Exercise prompt
In the entries below, how many lines contain the string "assumes"? Give the number by itself.

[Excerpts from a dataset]
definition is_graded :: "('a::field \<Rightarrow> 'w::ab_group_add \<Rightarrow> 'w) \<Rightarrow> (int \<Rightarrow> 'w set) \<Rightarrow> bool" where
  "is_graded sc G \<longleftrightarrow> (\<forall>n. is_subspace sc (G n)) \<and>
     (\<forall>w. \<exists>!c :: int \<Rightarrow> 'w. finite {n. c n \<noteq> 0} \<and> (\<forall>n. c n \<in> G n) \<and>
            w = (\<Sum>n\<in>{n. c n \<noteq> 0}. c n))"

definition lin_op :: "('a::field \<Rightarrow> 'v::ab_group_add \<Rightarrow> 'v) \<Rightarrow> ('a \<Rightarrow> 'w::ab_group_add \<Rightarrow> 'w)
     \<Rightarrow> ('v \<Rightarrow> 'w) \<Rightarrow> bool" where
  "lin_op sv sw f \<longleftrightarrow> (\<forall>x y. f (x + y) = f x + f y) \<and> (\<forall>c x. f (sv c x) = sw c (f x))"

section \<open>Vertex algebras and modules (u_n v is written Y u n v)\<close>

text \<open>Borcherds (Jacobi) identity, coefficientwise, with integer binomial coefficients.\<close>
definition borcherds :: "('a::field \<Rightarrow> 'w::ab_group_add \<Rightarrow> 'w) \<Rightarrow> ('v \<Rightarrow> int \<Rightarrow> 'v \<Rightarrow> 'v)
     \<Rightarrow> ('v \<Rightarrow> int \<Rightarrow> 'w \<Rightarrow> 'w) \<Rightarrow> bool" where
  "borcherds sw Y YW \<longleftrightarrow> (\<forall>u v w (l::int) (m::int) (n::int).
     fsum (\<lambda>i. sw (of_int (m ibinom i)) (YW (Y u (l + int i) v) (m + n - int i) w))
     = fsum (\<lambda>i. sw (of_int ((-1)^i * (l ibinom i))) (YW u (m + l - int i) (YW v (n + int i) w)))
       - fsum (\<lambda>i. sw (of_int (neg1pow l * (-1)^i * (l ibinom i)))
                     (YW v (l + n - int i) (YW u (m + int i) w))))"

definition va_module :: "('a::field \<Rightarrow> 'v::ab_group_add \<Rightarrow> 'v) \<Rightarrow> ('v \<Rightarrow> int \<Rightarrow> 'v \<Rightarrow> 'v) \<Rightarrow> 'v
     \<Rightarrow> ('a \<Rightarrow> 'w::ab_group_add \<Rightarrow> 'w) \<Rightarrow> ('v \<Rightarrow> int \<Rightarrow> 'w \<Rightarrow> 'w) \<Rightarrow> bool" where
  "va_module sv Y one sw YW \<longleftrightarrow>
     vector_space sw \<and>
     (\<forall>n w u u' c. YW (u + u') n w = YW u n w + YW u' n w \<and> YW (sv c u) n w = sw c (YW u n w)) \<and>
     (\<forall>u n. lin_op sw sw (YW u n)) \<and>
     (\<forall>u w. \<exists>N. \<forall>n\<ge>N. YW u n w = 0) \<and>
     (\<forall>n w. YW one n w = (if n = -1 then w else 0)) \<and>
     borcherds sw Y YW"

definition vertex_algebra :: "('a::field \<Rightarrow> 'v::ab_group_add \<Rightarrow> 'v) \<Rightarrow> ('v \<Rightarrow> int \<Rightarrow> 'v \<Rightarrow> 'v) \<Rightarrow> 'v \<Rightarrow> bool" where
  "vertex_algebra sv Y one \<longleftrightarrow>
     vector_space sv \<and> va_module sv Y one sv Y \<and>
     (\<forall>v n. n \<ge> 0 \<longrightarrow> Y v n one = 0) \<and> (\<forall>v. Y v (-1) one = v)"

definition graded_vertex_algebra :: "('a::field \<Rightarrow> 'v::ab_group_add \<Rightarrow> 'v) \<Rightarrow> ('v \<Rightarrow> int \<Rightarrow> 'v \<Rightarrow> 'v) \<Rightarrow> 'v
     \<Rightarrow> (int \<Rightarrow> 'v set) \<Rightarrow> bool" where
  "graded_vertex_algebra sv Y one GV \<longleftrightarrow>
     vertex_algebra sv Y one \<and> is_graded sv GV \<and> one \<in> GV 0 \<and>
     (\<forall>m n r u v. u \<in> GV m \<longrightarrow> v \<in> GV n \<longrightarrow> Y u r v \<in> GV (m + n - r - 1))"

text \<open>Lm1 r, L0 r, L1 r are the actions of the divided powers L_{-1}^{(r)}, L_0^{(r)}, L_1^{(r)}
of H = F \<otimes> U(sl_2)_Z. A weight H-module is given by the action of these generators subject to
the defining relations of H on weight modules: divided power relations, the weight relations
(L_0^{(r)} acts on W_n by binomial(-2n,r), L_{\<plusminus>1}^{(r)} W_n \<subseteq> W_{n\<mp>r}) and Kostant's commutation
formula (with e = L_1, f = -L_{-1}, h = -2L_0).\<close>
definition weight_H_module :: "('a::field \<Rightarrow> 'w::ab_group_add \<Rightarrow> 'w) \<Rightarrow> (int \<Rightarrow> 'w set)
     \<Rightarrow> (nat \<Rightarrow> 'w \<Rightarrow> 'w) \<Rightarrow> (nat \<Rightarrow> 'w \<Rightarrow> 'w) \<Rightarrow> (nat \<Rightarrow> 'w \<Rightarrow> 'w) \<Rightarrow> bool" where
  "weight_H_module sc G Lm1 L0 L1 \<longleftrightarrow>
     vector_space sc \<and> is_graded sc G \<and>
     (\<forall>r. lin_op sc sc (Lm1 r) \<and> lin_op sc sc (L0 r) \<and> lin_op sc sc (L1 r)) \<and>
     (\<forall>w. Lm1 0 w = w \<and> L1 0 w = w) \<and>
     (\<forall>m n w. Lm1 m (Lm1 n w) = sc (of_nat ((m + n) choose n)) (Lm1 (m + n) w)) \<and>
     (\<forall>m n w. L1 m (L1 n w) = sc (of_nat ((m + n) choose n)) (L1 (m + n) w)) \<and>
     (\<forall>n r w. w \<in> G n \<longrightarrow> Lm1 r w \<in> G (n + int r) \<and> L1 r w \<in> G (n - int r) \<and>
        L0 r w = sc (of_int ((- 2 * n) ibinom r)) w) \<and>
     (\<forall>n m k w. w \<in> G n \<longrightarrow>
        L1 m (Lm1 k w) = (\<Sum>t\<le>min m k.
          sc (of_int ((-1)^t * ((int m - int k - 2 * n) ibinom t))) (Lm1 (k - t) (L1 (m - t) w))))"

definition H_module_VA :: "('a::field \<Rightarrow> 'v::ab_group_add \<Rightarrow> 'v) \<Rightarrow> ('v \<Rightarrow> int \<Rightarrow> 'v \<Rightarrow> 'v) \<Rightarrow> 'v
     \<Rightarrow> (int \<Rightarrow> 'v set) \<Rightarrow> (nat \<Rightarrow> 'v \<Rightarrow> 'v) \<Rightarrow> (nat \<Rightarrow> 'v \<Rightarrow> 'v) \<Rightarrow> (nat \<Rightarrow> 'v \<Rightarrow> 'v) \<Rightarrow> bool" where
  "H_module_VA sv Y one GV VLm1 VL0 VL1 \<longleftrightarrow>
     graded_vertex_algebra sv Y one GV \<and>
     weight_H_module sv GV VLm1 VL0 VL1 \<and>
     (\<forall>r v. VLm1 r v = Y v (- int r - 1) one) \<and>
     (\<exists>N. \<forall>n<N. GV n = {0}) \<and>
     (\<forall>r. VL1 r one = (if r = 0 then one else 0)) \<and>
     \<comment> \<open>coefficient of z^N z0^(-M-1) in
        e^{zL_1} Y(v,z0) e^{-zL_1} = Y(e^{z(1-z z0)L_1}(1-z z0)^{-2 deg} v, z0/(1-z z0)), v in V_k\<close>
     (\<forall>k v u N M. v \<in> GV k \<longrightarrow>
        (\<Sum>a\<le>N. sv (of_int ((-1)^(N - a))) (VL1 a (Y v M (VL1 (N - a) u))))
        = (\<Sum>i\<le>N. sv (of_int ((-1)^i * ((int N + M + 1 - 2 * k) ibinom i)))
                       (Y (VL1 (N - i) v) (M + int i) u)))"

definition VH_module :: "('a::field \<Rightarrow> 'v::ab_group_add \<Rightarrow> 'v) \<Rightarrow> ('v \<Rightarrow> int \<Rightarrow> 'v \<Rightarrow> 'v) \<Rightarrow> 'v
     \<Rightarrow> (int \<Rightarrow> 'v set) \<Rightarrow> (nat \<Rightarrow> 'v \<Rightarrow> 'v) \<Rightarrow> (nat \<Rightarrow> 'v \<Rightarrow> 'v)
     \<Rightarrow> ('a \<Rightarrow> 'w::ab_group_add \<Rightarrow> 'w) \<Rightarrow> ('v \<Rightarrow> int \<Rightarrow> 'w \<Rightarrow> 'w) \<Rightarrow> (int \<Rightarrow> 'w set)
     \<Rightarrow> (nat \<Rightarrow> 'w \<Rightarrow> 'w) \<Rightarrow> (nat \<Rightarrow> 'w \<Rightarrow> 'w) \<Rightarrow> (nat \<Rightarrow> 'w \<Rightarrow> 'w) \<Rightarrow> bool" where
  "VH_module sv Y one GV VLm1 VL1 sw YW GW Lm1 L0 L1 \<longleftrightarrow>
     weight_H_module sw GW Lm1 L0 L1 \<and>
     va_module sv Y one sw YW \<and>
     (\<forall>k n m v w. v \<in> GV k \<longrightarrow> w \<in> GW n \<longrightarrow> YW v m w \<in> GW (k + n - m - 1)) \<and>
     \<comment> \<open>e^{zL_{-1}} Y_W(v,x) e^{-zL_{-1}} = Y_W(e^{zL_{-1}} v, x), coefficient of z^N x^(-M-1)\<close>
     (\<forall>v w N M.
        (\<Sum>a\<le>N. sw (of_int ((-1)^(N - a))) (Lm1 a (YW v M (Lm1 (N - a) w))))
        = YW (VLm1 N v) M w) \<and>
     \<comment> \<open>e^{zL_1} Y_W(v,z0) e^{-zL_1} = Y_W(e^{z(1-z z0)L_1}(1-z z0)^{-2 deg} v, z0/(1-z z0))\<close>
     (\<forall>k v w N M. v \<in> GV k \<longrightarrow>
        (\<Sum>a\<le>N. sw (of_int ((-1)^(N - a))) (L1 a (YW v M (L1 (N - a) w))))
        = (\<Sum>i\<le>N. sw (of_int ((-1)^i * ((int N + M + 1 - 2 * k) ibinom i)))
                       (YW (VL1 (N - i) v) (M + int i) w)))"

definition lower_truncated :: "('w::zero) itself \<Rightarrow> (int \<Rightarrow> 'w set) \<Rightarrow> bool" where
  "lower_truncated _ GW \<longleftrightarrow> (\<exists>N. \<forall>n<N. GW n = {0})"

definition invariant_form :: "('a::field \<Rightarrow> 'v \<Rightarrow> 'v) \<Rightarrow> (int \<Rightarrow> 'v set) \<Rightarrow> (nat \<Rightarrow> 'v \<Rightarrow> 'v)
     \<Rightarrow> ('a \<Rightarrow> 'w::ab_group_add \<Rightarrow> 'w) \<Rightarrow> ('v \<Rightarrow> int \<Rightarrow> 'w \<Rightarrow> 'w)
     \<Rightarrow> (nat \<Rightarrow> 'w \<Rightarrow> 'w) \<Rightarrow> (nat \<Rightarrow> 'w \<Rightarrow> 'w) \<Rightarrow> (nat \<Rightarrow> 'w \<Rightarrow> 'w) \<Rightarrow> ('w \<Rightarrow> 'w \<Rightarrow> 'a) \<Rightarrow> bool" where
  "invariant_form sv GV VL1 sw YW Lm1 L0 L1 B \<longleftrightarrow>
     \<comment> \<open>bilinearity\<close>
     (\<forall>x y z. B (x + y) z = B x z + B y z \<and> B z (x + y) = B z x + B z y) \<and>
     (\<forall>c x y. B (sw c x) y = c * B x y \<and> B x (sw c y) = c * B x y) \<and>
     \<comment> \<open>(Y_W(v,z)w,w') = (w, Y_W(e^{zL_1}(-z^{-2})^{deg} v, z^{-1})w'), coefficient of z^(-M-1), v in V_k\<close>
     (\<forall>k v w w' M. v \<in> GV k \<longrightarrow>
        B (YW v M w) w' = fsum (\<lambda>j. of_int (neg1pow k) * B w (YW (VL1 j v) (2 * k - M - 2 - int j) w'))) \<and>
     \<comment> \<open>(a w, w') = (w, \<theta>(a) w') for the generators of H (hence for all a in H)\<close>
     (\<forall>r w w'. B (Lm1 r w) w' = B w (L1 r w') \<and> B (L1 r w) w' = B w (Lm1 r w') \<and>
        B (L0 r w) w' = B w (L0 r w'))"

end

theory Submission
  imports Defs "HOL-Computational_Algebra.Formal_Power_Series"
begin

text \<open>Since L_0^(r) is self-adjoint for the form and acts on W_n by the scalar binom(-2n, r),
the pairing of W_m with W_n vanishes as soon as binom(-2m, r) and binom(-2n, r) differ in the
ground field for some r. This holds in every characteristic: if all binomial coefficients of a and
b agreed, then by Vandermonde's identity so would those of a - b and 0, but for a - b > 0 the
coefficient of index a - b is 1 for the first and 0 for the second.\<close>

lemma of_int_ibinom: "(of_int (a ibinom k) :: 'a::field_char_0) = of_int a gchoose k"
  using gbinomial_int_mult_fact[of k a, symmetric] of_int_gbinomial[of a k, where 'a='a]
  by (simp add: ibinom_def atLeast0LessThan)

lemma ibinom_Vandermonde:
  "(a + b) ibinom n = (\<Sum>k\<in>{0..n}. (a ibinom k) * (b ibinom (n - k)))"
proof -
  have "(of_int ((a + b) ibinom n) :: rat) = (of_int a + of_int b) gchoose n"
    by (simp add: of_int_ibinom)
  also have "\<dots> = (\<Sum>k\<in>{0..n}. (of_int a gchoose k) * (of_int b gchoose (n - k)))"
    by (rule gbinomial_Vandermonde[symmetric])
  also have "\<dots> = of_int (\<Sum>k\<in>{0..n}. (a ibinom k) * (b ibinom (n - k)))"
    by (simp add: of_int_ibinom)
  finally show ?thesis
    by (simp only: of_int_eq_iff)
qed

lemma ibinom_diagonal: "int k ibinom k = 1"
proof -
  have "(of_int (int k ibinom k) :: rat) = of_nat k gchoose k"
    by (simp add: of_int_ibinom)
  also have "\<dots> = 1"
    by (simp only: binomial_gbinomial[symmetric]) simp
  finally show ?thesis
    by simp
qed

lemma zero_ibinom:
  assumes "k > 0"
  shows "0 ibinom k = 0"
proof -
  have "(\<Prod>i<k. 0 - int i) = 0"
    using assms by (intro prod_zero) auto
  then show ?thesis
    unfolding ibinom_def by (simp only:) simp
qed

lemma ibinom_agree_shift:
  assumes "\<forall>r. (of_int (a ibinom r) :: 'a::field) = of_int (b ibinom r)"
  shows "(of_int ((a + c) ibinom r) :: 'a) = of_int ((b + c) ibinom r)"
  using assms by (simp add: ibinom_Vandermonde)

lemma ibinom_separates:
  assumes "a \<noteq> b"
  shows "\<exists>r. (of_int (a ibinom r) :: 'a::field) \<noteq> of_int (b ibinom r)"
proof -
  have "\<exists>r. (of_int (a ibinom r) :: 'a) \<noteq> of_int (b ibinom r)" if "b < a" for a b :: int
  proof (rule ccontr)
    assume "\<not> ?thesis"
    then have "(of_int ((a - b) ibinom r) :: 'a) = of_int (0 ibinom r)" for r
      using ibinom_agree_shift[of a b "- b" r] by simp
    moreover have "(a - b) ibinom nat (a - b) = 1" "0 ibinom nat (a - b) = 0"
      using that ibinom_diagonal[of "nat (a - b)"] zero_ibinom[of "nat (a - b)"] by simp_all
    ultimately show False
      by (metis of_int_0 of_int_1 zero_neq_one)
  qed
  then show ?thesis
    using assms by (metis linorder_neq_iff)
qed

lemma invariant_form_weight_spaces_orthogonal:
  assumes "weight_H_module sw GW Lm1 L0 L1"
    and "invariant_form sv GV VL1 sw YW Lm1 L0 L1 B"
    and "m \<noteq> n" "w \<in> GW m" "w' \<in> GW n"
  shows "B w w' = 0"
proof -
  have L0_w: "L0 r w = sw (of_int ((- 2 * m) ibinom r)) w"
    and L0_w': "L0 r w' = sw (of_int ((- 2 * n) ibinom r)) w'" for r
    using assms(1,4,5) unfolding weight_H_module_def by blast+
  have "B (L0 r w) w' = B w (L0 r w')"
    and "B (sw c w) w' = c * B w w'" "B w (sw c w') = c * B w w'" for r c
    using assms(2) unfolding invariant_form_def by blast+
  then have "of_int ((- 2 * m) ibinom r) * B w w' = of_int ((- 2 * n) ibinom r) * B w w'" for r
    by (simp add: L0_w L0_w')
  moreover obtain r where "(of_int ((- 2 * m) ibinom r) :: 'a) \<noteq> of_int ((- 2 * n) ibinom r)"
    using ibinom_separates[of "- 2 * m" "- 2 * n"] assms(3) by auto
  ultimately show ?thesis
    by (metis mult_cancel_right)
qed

Response to this task
4